◆ Exercise input
lemma decomp_step_card_le:
  assumes step: "decomp_step C M N t P" and "proper_tnet N" and "proper_methods M" and "finite M"
  shows "card (tasks P) + 1 \<le> card (tasks N) + C_s M"
    and "card (compound_tasks C P) + 1 \<le> card (compound_tasks C N) + C_s M"
proof -
  obtain m \<phi> where t: "t \<in> compound_tasks C N" and m: "(tlab N t, m) \<in> M"
    and S: "decomp_setting N t m \<phi>" and P: "P = decomp_with N t m \<phi>"
    using decomp_stepE[OF assms(1-3)] .
  interpret decomp_setting N t m \<phi> by (fact S)
  have fin: "finite (tasks N)" "finite (tasks m)"
    using proper_N proper_m unfolding proper_tnet_def by auto
  have new: "card (\<phi> ` tasks m) \<le> C_s M"
    using card_tasks_le_C_s[OF \<open>finite M\<close> m] card_image[OF inj] by simp
  have "card (tasks P) = card (tasks N - {t}) + card (\<phi> ` tasks m)"
    unfolding P tasks_decomp_with using fresh fin by (subst card_Un_disjoint) auto
  moreover have "card (tasks N - {t}) + 1 = card (tasks N)"
    using t_in fin by (metis card_Suc_Diff1 Suc_eq_plus1)
  ultimately show "card (tasks P) + 1 \<le> card (tasks N) + C_s M" using new by linarith
  have fin_comp: "finite (compound_tasks C N)" using fin unfolding compound_tasks_def by simp
  have "compound_tasks C P \<subseteq> (compound_tasks C N - {t}) \<union> \<phi> ` tasks m"
    unfolding P compound_tasks_def tasks_decomp_with using tlab_old by auto
  then have "card (compound_tasks C P) \<le> card (compound_tasks C N - {t}) + card (\<phi> ` tasks m)"
    using fin_comp fin
    by (meson card_Un_le card_mono finite_Diff finite_UnI finite_imageI order_trans)
  moreover have "card (compound_tasks C N - {t}) + 1 = card (compound_tasks C N)"
    using t fin_comp by (metis card_Suc_Diff1 Suc_eq_plus1)
  ultimately show "card (compound_tasks C P) + 1 \<le> card (compound_tasks C N) + C_s M"
    using new by linarith
qed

◆ Your goal
Tally up the lines above containing "moreover"; the number is the full answer.

◆ Answer to the exercise
2